Simplicius drifts along like a reed on the pond
     
    A few days after the hermit had died I went to the pastor I mentioned before and told him of my master’s death. At the same time I asked his advice about what to do at this turn of events. Yet despite the fact that he advised against staying in the forest any longer, I boldly followed in my predecessor’s footsteps and spent the whole summer living the life of a devout monk. But time changes all things, and the grief I felt for my hermit gradually lessened; at the same time the sharp winter cold quenched the inner fire of my firm resolve. The more I started to waver, the lazier I became at my prayers since, instead of contemplating divine and heavenly thoughts, I allowed myself to be overcome with the desire to see the world. As I was thus no longer capable of living a good life in the forest I decided to go back to the pastor and ask him if he still advised me to leave the forest. So I set of for his village, but when I got there I found it in flames, for a party of troopers had just plundered it, killed some of the peasants and driven off the rest, apart from the few they had taken captive, among them the pastor himself. Ah God, how full of trouble and adversity is a man’s life! Scarcely has one misfortune ended than we find ourselves in the next. It does not surprise me at all that the heathen philosopher, Timon, set up many gallows in Athens for people to hang themselves and bring their wretched lives to an end by inflicting one brief moment of pain on themselves.
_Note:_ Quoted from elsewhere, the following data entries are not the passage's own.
lemma even_rel_Node_if_saturated:
  assumes IH_s: "\<And>j k. 1 \<le> j \<Longrightarrow> j \<le> k \<Longrightarrow> k \<le> nodes s \<Longrightarrow>
      saturated (even_rel s) j (k - 1) \<Longrightarrow> odd_rel s j k"
    and IH_t: "\<And>j k. 1 \<le> j \<Longrightarrow> j \<le> k \<Longrightarrow> k \<le> nodes t \<Longrightarrow>
      saturated (odd_rel t) (Suc j) k \<Longrightarrow> even_rel t j k"
    and jk: "1 \<le> j" "j \<le> k" "k \<le> nodes (Node s t)"
    and sat: "saturated (odd_rel (Node s t)) (Suc j) k"
  shows "even_rel (Node s t) j k"
proof -
  define a b where "a = nodes s" and "b = nodes t"
  have s: "equiv_upto a (odd_rel s)" "equiv_upto a (even_rel s)"
    and t: "equiv_upto b (odd_rel t)" "equiv_upto b (even_rel t)"
    using odd_even_rel_equiv_noncrossing a_def b_def by auto
  have odd: "odd_rel (Node s t) = rel_concat (Suc a) (bar_ustar_rel a (even_rel s)) (odd_rel t)"
    and even: "even_rel (Node s t) = rel_concat a (odd_rel s) (bar_ustar_rel b (even_rel t))"
    by (simp_all add: a_def b_def)
  consider "k \<le> a" | "a < j" | "j \<le> a" "a < k" by linarith
  then show ?thesis
  proof cases
    case 1
    have "saturated (bar_ustar_rel a (even_rel s)) (Suc j) k"
      using saturated_rel_concat_left[OF equiv_upto_bar_ustar_rel[OF s(2)]] sat 1 unfolding odd
        by simp
    then have "saturated (even_rel s) j (k - 1)"
      using saturated_bar_ustar_rel[OF s(2)] jk by fastforce
    then show ?thesis using IH_s[of j k] 1 jk unfolding even by (simp add: a_def rel_concat_def)
  next
    case 2
    have sat_t: "saturated (odd_rel t) (Suc j - Suc a) (k - Suc a)"
      using saturated_rel_concat_right[OF t(1), of "Suc a" _ "Suc j" k] sat 2 unfolding odd by simp
    consider "j = Suc a" "k = Suc a" | "j = Suc a" "Suc a < k" | "Suc a < j" using 2 jk by linarith
    then have "bar_ustar_rel b (even_rel t) (j - a) (k - a)"
    proof cases
      case 2
      then have "saturated (odd_rel t) (Suc (k - Suc a)) b"
        using saturated_complement[OF t(1)] sat_t by simp
      then show ?thesis using IH_t[of "k - Suc a" b] 2 jk
        by (auto simp: a_def b_def bar_ustar_rel_def)
    next
      case 3
      then have "saturated (odd_rel t) (Suc (j - Suc a)) (k - Suc a)"
        using sat_t by (simp add: Suc_diff_Suc)
      then have "even_rel t (j - Suc a) (k - Suc a)"
        using IH_t[of "j - Suc a" "k - Suc a"] 3 jk by (simp add: a_def b_def)
      then show ?thesis using 3 jk by (auto simp: bar_ustar_rel_def)
    qed (simp add: bar_ustar_rel_def)
    then show ?thesis using 2 jk unfolding even by (simp add: rel_concat_def)
  next
    case 3
    then show ?thesis using saturatedD[OF sat odd_rel_Node_root] jk by (simp add: a_def)
  qed
qed

text \<open>The converse of saturated_if_noncrossing_interleave for Q = even_rel t; this is where
  the maximality of the Kreweras complement comes from.\<close>

lemma odd_even_rel_if_saturated:
  "(\<forall>j k. 1 \<le> j \<longrightarrow> j \<le> k \<longrightarrow> k \<le> nodes t \<longrightarrow> saturated (even_rel t) j (k - 1) \<longrightarrow> odd_rel t j k) \<and>
   (\<forall>j k. 1 \<le> j \<longrightarrow> j \<le> k \<longrightarrow> k \<le> nodes t \<longrightarrow> saturated (odd_rel t) (Suc j) k \<longrightarrow> even_rel t j k)"
proof (induction t)
  case (Node s t)
  then show ?case
    using odd_rel_Node_if_saturated[of s t] even_rel_Node_if_saturated[of s t] by simp
qed simp

lemma refines_antisym:
  assumes "is_partition n P" "is_partition n Q" "refines P Q" "refines Q P"
  shows "P = Q"
proof -
  have P: "equiv_upto n (same_block P)" "blocks (same_block P) = P"
    and Q: "equiv_upto n (same_block Q)" "blocks (same_block Q) = Q"
    using is_partition_same_block assms(1,2) by blast+
  have "same_block P = same_block Q"
    using assms(3,4) refines_blocks_iff[OF P(1) Q(1)] refines_blocks_iff[OF Q(1) P(1)]
    unfolding P(2) Q(2) by (simp add: fun_eq_iff) blast
  then show ?thesis using P(2) Q(2) by metis
qed

lemma kreweras_eqI:
  assumes "Q \<in> NCP n" "noncrossing (interleave P Q)"
    and "\<And>Q'. Q' \<in> NCP n \<Longrightarrow> noncrossing (interleave P Q') \<Longrightarrow> refines Q' Q"
  shows "kreweras n P = Q"
  unfolding kreweras_def
proof (rule the_equality)
  show "Q \<in> NCP n \<and> noncrossing (interleave P Q) \<and>
      (\<forall>Q'\<in>NCP n. noncrossing (interleave P Q') \<longrightarrow> refines Q' Q)"
    using assms by blast
  show "Q' = Q" if "Q' \<in> NCP n \<and> noncrossing (interleave P Q') \<and>
      (\<forall>Q''\<in>NCP n. noncrossing (interleave P Q'') \<longrightarrow> refines Q'' Q')" for Q'
    using that assms refines_antisym unfolding NCP_def by blast
qed

lemma kreweras_blocks_odd_rel: "kreweras (nodes t) (blocks (odd_rel t)) = blocks (even_rel t)"
proof (rule kreweras_eqI)
  let ?n = "nodes t"
  have odd: "equiv_upto ?n (odd_rel t)"
    and even: "equiv_upto ?n (even_rel t)" "noncrossing_rel (even_rel t)"
    using odd_even_rel_equiv_noncrossing by auto
  show "blocks (even_rel t) \<in> NCP ?n" using blocks_in_NCP[OF even] .
  have "noncrossing_rel (rel_interleave (odd_rel t) (even_rel t))"
    using phi_rel_equiv_noncrossing[of "R t"] by (simp add: phi_rel_R)
  then show "noncrossing (interleave (blocks (odd_rel t)) (blocks (even_rel t)))"
    using interleave_blocks[OF odd even(1)]
      noncrossing_blocks_iff[OF equiv_upto_rel_interleave[OF odd even(1)]]
    by simp
  fix Q' assume Q': "Q' \<in> NCP ?n" "noncrossing (interleave (blocks (odd_rel t)) Q')"
  let ?q = "same_block Q'"
  have q: "equiv_upto ?n ?q" and "blocks ?q = Q'" using NCP_same_block[OF Q'(1)] by auto
  then have nc: "noncrossing_rel (rel_interleave (odd_rel t) ?q)"
    using Q'(2) interleave_blocks[OF odd q]
      noncrossing_blocks_iff[OF equiv_upto_rel_interleave[OF odd q]]
    by simp
  have "even_rel t i j" if "?q i j" "i \<le> j" for i j
    using saturated_if_noncrossing_interleave[OF odd nc that] odd_even_rel_if_saturated[of t]
      equiv_upto_dom[OF q that(1)] that(2) by blast
  then have "even_rel t i j" if "?q i j" for i j
    using that equiv_upto_sym[OF q] equiv_upto_sym[OF even(1)] by (cases "i \<le> j") auto
  then show "refines Q' (blocks (even_rel t))"
    using refines_blocks_iff[OF q even(1)] \<open>blocks ?q = Q'\<close> by simp
qed

section \<open>Every noncrossing partition arises from a tree\<close>

definition rel_slice :: "nat \<Rightarrow> nat \<Rightarrow> nrel \<Rightarrow> nrel" where
  "rel_slice k l r x y \<longleftrightarrow> 1 \<le> x \<and> x \<le> l \<and> 1 \<le> y \<and> y \<le> l \<and> r (x + k) (y + k)"

lemma equiv_upto_rel_slice:
  assumes r: "equiv_upto n r" and "k + l \<le> n"
  shows "equiv_upto l (rel_slice k l r)"
proof (rule equiv_uptoI)
  show "rel_slice k l r i i" if "1 \<le> i" "i \<le> l" for i
    using that assms equiv_upto_refl[OF r, of "i + k"] by (simp add: rel_slice_def)
  show "rel_slice k l r j i" if "rel_slice k l r i j" for i j
    using that equiv_upto_sym[OF r] unfolding rel_slice_def by blast
  show "rel_slice k l r i i'" if "rel_slice k l r i j" "rel_slice k l r j i'" for i j i'
    using that equiv_upto_trans[OF r] unfolding rel_slice_def by blast
qed (simp add: rel_slice_def)

lemma noncrossing_rel_slice: "noncrossing_rel r \<Longrightarrow> noncrossing_rel (rel_slice k l r)"
  unfolding noncrossing_rel_def rel_slice_def by (meson add_less_mono1)

lemma rel_slice_slice: "k + l \<le> l' \<Longrightarrow> rel_slice k l (rel_slice k' l' r) = rel_slice (k + k') l r"
  by (auto simp: fun_eq_iff rel_slice_def add.assoc)

lemma rel_concat_rel_slice:
  assumes r: "equiv_upto n r" and "m \<le> n" and closed: "\<And>i j. r i j \<Longrightarrow> i \<le> m \<Longrightarrow> j \<le> m"
  shows "rel_concat m (rel_slice 0 m r) (rel_slice m (n - m) r) = r"
proof (intro ext)
  fix i j
  consider "i \<le> m" "j \<le> m" | "m < i" "m < j" | "i \<le> m" "m < j" | "m < i" "j \<le> m" by linarith
  then show "rel_concat m (rel_slice 0 m r) (rel_slice m (n - m) r) i j = r i j"
  proof cases
    case 3
    then show ?thesis using closed[of i j] by (auto simp: rel_concat_def)
  next
    case 4
    then show ?thesis using closed[of j i] equiv_upto_sym[OF r, of i j]
      by (auto simp: rel_concat_def)
  qed (use equiv_upto_dom[OF r, of i j] \<open>m \<le> n\<close> in \<open>auto simp: rel_concat_def rel_slice_def\<close>)
qed

lemma bar_ustar_rel_rel_slice:
  assumes r: "equiv_upto (Suc l) r" and "r 1 (Suc l)"
  shows "bar_ustar_rel l (rel_slice 1 l r) = r"
proof (intro ext)
  fix i j
  have "r i 1 \<longleftrightarrow> r i (Suc l)" "r 1 j \<longleftrightarrow> r j (Suc l)"
    using assms equiv_upto_sym equiv_upto_trans by metis+
  then show "bar_ustar_rel l (rel_slice 1 l r) i j = r i j"
    using equiv_upto_dom[OF r, of i j] equiv_upto_refl[OF r, of 1]
    by (cases "i = 1"; cases "j = 1") (auto simp: bar_ustar_rel_def rel_slice_def)
qed

lemma odd_rel_decomposition:
  assumes r: "equiv_upto n r" and nc: "noncrossing_rel r" and "0 < n"
  obtains a where "a < n"
    and "r = rel_concat (Suc a) (bar_ustar_rel a (rel_slice 1 a r))
      (rel_slice (Suc a) (n - Suc a) r)"
proof -
  define m where "m = Max {j. r 1 j}"
  have "{j. r 1 j} \<subseteq> {..n}" using equiv_upto_dom(4)[OF r] by blast
  then have fin: "finite {j. r 1 j}" by (rule finite_subset) simp
  have "r 1 1" using equiv_upto_refl[OF r] \<open>0 < n\<close> by simp
  then have "r 1 m" and m_max: "\<And>j. r 1 j \<Longrightarrow> j \<le> m"
    using Max_in[OF fin] Max_ge[OF fin] unfolding m_def by blast+
  then have "1 \<le> m" "m \<le> n" using equiv_upto_dom[OF r] by blast+
  have closed: "j \<le> m" if "r i j" "i \<le> m" for i j
  proof (cases "r 1 i")
    case True
    then show ?thesis using m_max equiv_upto_trans[OF r] that(1) by blast
  next
    case False
    then have "i \<noteq> 1" "i \<noteq> m" using \<open>r 1 1\<close> \<open>r 1 m\<close> by auto
    then have "1 < i" "i < m" using equiv_upto_dom(1)[OF r that(1)] that(2) by auto
    then show ?thesis using noncrossing_rel_inside[OF r nc \<open>r 1 m\<close> _ _ that(1) False] by simp
  qed
  define a where "a = m - 1"
  have m: "m = Suc a" using \<open>1 \<le> m\<close> a_def by simp
  have head: "equiv_upto (Suc a) (rel_slice 0 m r)" "rel_slice 0 m r 1 (Suc a)"
    using equiv_upto_rel_slice[OF r, of 0 m] \<open>m \<le> n\<close> \<open>r 1 m\<close> m by (simp_all add: rel_slice_def)
  have "r = rel_concat m (rel_slice 0 m r) (rel_slice m (n - m) r)"
    using rel_concat_rel_slice[OF r \<open>m \<le> n\<close> closed] by simp
  also have "rel_slice 0 m r = bar_ustar_rel a (rel_slice 1 a r)"
    using bar_ustar_rel_rel_slice[OF head] rel_slice_slice[of 1 a m 0 r] m by simp
  finally have "r = rel_concat (Suc a) (bar_ustar_rel a (rel_slice 1 a r))
      (rel_slice (Suc a) (n - Suc a) r)"
    unfolding m .
  moreover have "a < n" using \<open>m \<le> n\<close> m by simp
  ultimately show ?thesis using that by blast
qed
    The troopers were ready to depart and were leading the pastor on a rope. Some of them were shouting, ‘Shoot the rogue!’ while others wanted money from him. He, however, raised his hands and begged them to remember the Last Judgment and spare him out of Christian compassion. But all in vain, for one of them rode him down and gave him such a blow to the head that he fell flat on the ground and commended his soul to God. The other villagers who had been captured fared no better.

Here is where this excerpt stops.